In April, employers shed jobs for the fourth consecutive month, bringing total losses this year as of the end of April to 260,000. With only one job opening for every two jobless workers, the ranks of the officially unemployed grew by almost 800,000 over the past year. New jobless benefits claims have reached levels that surpass the surge in claims when Hurricane Katrina washed ashore. With this steadily eroding economy, there is an urgent need to extend temporary federal unemployment benefits to jobless workers running out of state benefits without finding work.
Indeed, the situation is worse on almost every count than when the last two recessions began. Long-term unemployment is greater, now more than 17% of all unemployed workers. Twice as many workers are long-term unemployed, now up to 1.3 million workers, and workers are running out of the limited 26 weeks of state unemployment benefits at far higher rates—now up to 36% of all workers who collect an unemployment check, according to the Bureau of Labor Statistics.
If Congress does not extend jobless benefits, more than 3 million workers in the next year will use up their state assistance without any additional support.
With prices and unemployment rising and jobs and wages falling, workers feel the economy is already in recession. So do 7 of 10 economic forecasters recently surveyed by The Wall Street Journal. And many notable economists, including Martin Feldstein and Joseph Stiglitz warn of an especially severe downturn.
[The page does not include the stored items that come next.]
lemma dyck_rotate_at_prefix_min:
  assumes h0: "height w = 0" and r: "r < length w"
    and r_min: "\<forall>t\<le>length w. height (take r w) \<le> height (take t w)"
  shows "dyck (rotate r w)"
proof -
  let ?L = "length w"
  have rot: "rotate r w = drop r w @ take r w"
    using rotate_drop_take[of r w] r by simp
  have "height (take k (rotate r w)) \<ge> 0" if k: "k \<le> ?L" for k
  proof (cases "k \<le> ?L - r")
    case True
    then have "take k (rotate r w) = take k (drop r w)"
      unfolding rot by simp
    moreover have "height (take r w) + height (take k (drop r w)) = height (take (r + k) w)"
      by (simp add: take_add)
    moreover have "height (take r w) \<le> height (take (r + k) w)"
      using r_min True r by simp
    ultimately show ?thesis by simp
  next
    case False
    then have "take k (rotate r w) = drop r w @ take (k - (?L - r)) w"
      unfolding rot using r k by (simp add: take_take min_def)
    moreover have "height (take r w) \<le> height (take (k - (?L - r)) w)"
      using r_min k by simp
    ultimately show ?thesis using height_take_add_drop[of r w] h0 by simp
  qed
  moreover have "height (rotate r w) = 0"
    unfolding rot using height_take_add_drop[of r w] h0 by simp
  ultimately show ?thesis unfolding dyck_def by simp
qed

text \<open>A word with as many up as down steps, rotated to start after its lowest prefix, is a
  Dyck path; the rotation is undone given its offset.\<close>

lemma central_binomial_le_card_dyck_paths:
  assumes "n \<ge> 1"
  shows "(2 * n choose n) \<le> 2 * n * card (dyck_paths n)"
proof -
  have "\<exists>r<length w. \<forall>t\<le>length w. height (take r w) \<le> height (take t w)"
    if "w \<in> updown_words (2 * n) n" for w
    using that assms height_eq_ups[of w] by (intro ex_prefix_min) (auto simp: updown_words_def)
  then obtain rr where rr: "\<And>w. w \<in> updown_words (2 * n) n \<Longrightarrow>
      rr w < length w \<and> (\<forall>t\<le>length w. height (take (rr w) w) \<le> height (take t w))"
    by metis
  define rot where "rot w = (rr w, rotate (rr w) w)" for w
  have "inj_on rot (updown_words (2 * n) n)"
  proof (rule inj_onI)
    fix w w'
    assume w: "w \<in> updown_words (2 * n) n" and w': "w' \<in> updown_words (2 * n) n"
      and "rot w = rot w'"
    then have "rr w = rr w'" "rotate (rr w) w = rotate (rr w) w'"
      by (auto simp: rot_def)
    then have "rotate (2 * n - rr w) (rotate (rr w) w) = rotate (2 * n - rr w) (rotate (rr w) w')"
      by simp
    then show "w = w'"
      using rr[OF w] w w' by (simp add: rotate_rotate updown_words_def)
  qed
  moreover have "rot ` updown_words (2 * n) n \<subseteq> {..<2 * n} \<times> dyck_paths n"
  proof
    fix x assume "x \<in> rot ` updown_words (2 * n) n"
    then obtain w where w: "w \<in> updown_words (2 * n) n" and x: "x = rot w"
      by auto
    have "height w = 0"
      using w height_eq_ups[of w] by (auto simp: updown_words_def)
    then have "dyck (rotate (rr w) w)"
      using rr[OF w] by (intro dyck_rotate_at_prefix_min) auto
    then show "x \<in> {..<2 * n} \<times> dyck_paths n"
      using x w rr[OF w] by (auto simp: rot_def dyck_paths_def updown_words_def)
  qed
  ultimately have "card (updown_words (2 * n) n) \<le> card ({..<2 * n} \<times> dyck_paths n)"
    by (intro card_inj_on_le) (auto simp: finite_dyck_paths)
  then show ?thesis
    by (simp add: card_updown_words card_cartesian_product)
qed

lemma card_dyck_paths_pos:
  assumes "n \<ge> 1"
  shows "card (dyck_paths n) > 0"
proof -
  have "0 < 2 * n choose n"
    by simp
  then show ?thesis
    using central_binomial_le_card_dyck_paths[OF assms] by (cases "card (dyck_paths n) = 0") auto
qed

section \<open>Recolouring an up step\<close>

text \<open>Indices are 0-based: the m-th up step of v is at index up_pos v (m - 1), i.e. at
  position Suc (up_pos v (m - 1)) in the numbering of the weight.\<close>

definition up_pos :: "step list \<Rightarrow> nat \<Rightarrow> nat" where
  "up_pos v j = (THE k. k < length v \<and> v ! k = U1 \<and> ups (take k v) = j)"

lemma ups_take_strict_mono:
  assumes "k < k'" "k < length v" "v ! k = U1"
  shows "ups (take k v) < ups (take k' v)"
proof -
  have "take k' v = take k v @ take (k' - k) (drop k v)"
    using assms(1) by (metis le_add_diff_inverse less_imp_le take_add)
  moreover have "drop k v = U1 # drop (Suc k) v"
    using assms by (metis Cons_nth_drop_Suc)
  moreover obtain d where "k' - k = Suc d"
    using assms(1) by (metis Suc_diff_Suc)
  ultimately show ?thesis by simp
qed

lemma ex_up_pos: "j < ups v \<Longrightarrow> \<exists>k<length v. v ! k = U1 \<and> ups (take k v) = j"
proof (induction v arbitrary: j)
  case (Cons s v)
  show ?case
  proof (cases "s = U1 \<and> j = 0")
    case True
    then show ?thesis by (intro exI[of _ 0]) auto
  next
    case False
    define j' where "j' = (if s = U1 then j - 1 else j)"
    have "j' < ups v"
      using Cons.prems False by (auto simp: j'_def split: if_splits)
    then obtain k where "k < length v" "v ! k = U1" "ups (take k v) = j'"
      using Cons.IH by blast
    then show ?thesis using False by (intro exI[of _ "Suc k"]) (auto simp: j'_def)
  qed
qed simp

lemma up_pos_eqI:
  assumes "k < length v" "v ! k = U1" "ups (take k v) = j"
  shows "up_pos v j = k"
  unfolding up_pos_def
proof (rule the_equality)
  fix k' assume k': "k' < length v \<and> v ! k' = U1 \<and> ups (take k' v) = j"
  show "k' = k"
  proof (rule ccontr)
    assume "k' \<noteq> k"
    then show False
      using ups_take_strict_mono[of k' k v] ups_take_strict_mono[of k k' v] k' assms
      by (auto simp: neq_iff)
  qed
qed (use assms in simp)

lemma up_pos:
  assumes "j < ups v"
  shows "up_pos v j < length v" "v ! up_pos v j = U1" "ups (take (up_pos v j) v) = j"
  using ex_up_pos[OF assms] up_pos_eqI by auto

definition uncolor :: "step \<Rightarrow> step" where
  "uncolor s = (if s = U2 then U1 else s)"

lemma height_map_uncolor [simp]: "height (map uncolor w) = height w"
proof -
  have "delta (uncolor s) = delta s" for s
    by (cases s) (auto simp: uncolor_def)
  then show ?thesis by (induction w) auto
qed

lemma dyck_map_uncolor: "dyck (map uncolor w) \<longleftrightarrow> dyck w"
  by (simp add: dyck_def take_map)

lemma length_filter_is_up: "length (filter is_up w) = ups (map uncolor w)"
proof -
  have "is_up s \<longleftrightarrow> uncolor s = U1" for s
    by (cases s) (auto simp: is_up_def uncolor_def)
  then show ?thesis by (induction w) auto
qed

lemma map_uncolor_id: "set v \<subseteq> {U1, D} \<Longrightarrow> map uncolor v = v"
  by (induction v) (auto simp: uncolor_def)

lemma recolor_up_step:
  assumes v: "set v \<subseteq> {U1, D}" and k: "k < length v" "v ! k = U1"
  shows "map uncolor (v[k := U2]) = v"
    and "length (filter (\<lambda>s. s = U2) (v[k := U2])) = 1"
    and "weight (v[k := U2]) = Suc k"
    and "length (filter is_up (take (Suc k) (v[k := U2]))) = Suc (ups (take k v))"
proof -
  show "map uncolor (v[k := U2]) = v"
    using k map_uncolor_id[OF v] by (metis list_update_id map_update uncolor_def)
  have split: "v[k := U2] = take k v @ U2 # drop (Suc k) v"
    using k by (simp add: upd_conv_take_nth_drop)
  have "U2 \<notin> set (take k v)" "U2 \<notin> set (drop (Suc k) v)"
    using v by (auto dest: in_set_takeD in_set_dropD)
  then have "filter (\<lambda>s. s = U2) (take k v) = []" "filter (\<lambda>s. s = U2) (drop (Suc k) v) = []"
    by (auto simp: filter_empty_conv)
  then show "length (filter (\<lambda>s. s = U2) (v[k := U2])) = 1"
    unfolding split by simp
  have "(THE k'. k' < length (v[k := U2]) \<and> v[k := U2] ! k' = U2) = k"
  proof (rule the_equality)
    fix k' assume "k' < length (v[k := U2]) \<and> v[k := U2] ! k' = U2"
    then show "k' = k"
      using v by (cases "k' = k") (auto dest!: nth_mem)
  qed (use k in simp)
  then show "weight (v[k := U2]) = Suc k"
    by (simp add: weight_def)
  have "take (Suc k) (v[k := U2]) = take k v @ [U2]"
    unfolding split using k by (simp add: min_def)
  moreover have "set (take k v) \<subseteq> {U1, D}"
    using set_take_subset[THEN order_trans, OF v] .
  ultimately show "length (filter is_up (take (Suc k) (v[k := U2]))) = Suc (ups (take k v))"
    using map_uncolor_id[of "take k v"] length_filter_is_up[of "take k v"]
    by (simp add: is_up_def)
qed

lemma eq_recolor_uncolor:
  assumes "length (filter (\<lambda>s. s = U2) w) = 1" "k < length w" "w ! k = U2"
  shows "w = (map uncolor w)[k := U2]"
proof (rule nth_equalityI)
  have "card {i. i < length w \<and> w ! i = U2} = 1"
    using assms(1) by (simp add: length_filter_conv_card)
  then obtain i0 where i0: "{i. i < length w \<and> w ! i = U2} = {i0}"
    by (metis One_nat_def card_1_singleton_iff)
  have "w ! i \<noteq> U2" if "i < length w" "i \<noteq> k" for i
  proof
    assume "w ! i = U2"
    then have "i \<in> {i0}" "k \<in> {i0}"
      using that assms(2,3) unfolding i0[symmetric] by auto
    then show False using that(2) by simp
  qed
  then show "w ! i = (map uncolor w)[k := U2] ! i" if "i < length w" for i
    using that assms(2,3) by (cases "i = k") (auto simp: uncolor_def)
qed simp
Extending unemployment benefits now makes good economic sense and is the right thing to do for jobless workers. The jobless spend their benefits quickly, and every dollar in benefits generates $2.15 in gross domestic product growth. Of special importance today, unemployment benefits reduce by roughly half the likelihood recipients will be forced to sell their homes, according to the Labor Dept. And unemployment benefits make it less likely that long-term jobless workers will fall into poverty.
Congress and the President should not wait until the recession deepens further to provide the support the economy and jobless workers need to navigate these troubling waters.
Extended unemployment benefits are targeted toward the long-term unemployed. The long-term unemployment rate, however, has been stable for the past two years and is below its peak following the 2001 recession, according to Labor Dept. statistics. Other Labor figures show the national unemployment rate in March was 5.1%, well below its long-term average of 5.5%. Weekly initial jobless claims have also been fairly stable since October, 2005, much lower than the levels immediately following the 2001 recession.
Current data suggest few unemployed workers stay unemployed for the 26 weeks necessary to begin collecting extended unemployment benefits. The average unemployment spell now lasts 16.2 weeks, according to the Labor Dept. Therefore, paying workers to stay unemployed longer will do little to jump-start the economy. Extending unemployment benefits in the current economic environment makes little sense.
Those in favor of extending benefits cite the multiplier effect they have on consumer spending and GDP growth. This reasoning is flawed. It fails to account for the fact that when the government has to borrow money to finance new unemployment benefits, the individuals it borrows from have less money to spend or invest elsewhere in the economy, which offsets the stimulus.
In fact, decades of economic research suggests that in the long term, unemployment insurance could lead to moral hazard issues. An increase in unemployment benefits could reduce labor supply and increase unemployment, therefore slowing down the economy. Workers with unemployment benefits have a reduced incentive to search for work, especially since benefits are set to pay about 50% of the wage earned by the worker in his or her most recent job. According to a Journal of Public Economics study, each additional week the government extends unemployment benefits prolongs the length of time the average worker stays unemployed by 0.16 to 0.20 weeks.
Hence extending the period beyond the 26 weeks already mandated would create undesirable incentives for individuals to delay returning to work. As noted by Harvard economist Martin Feldstein: “That would lower earnings and total spending.” This is hardly the stimulus the economy needs at this point.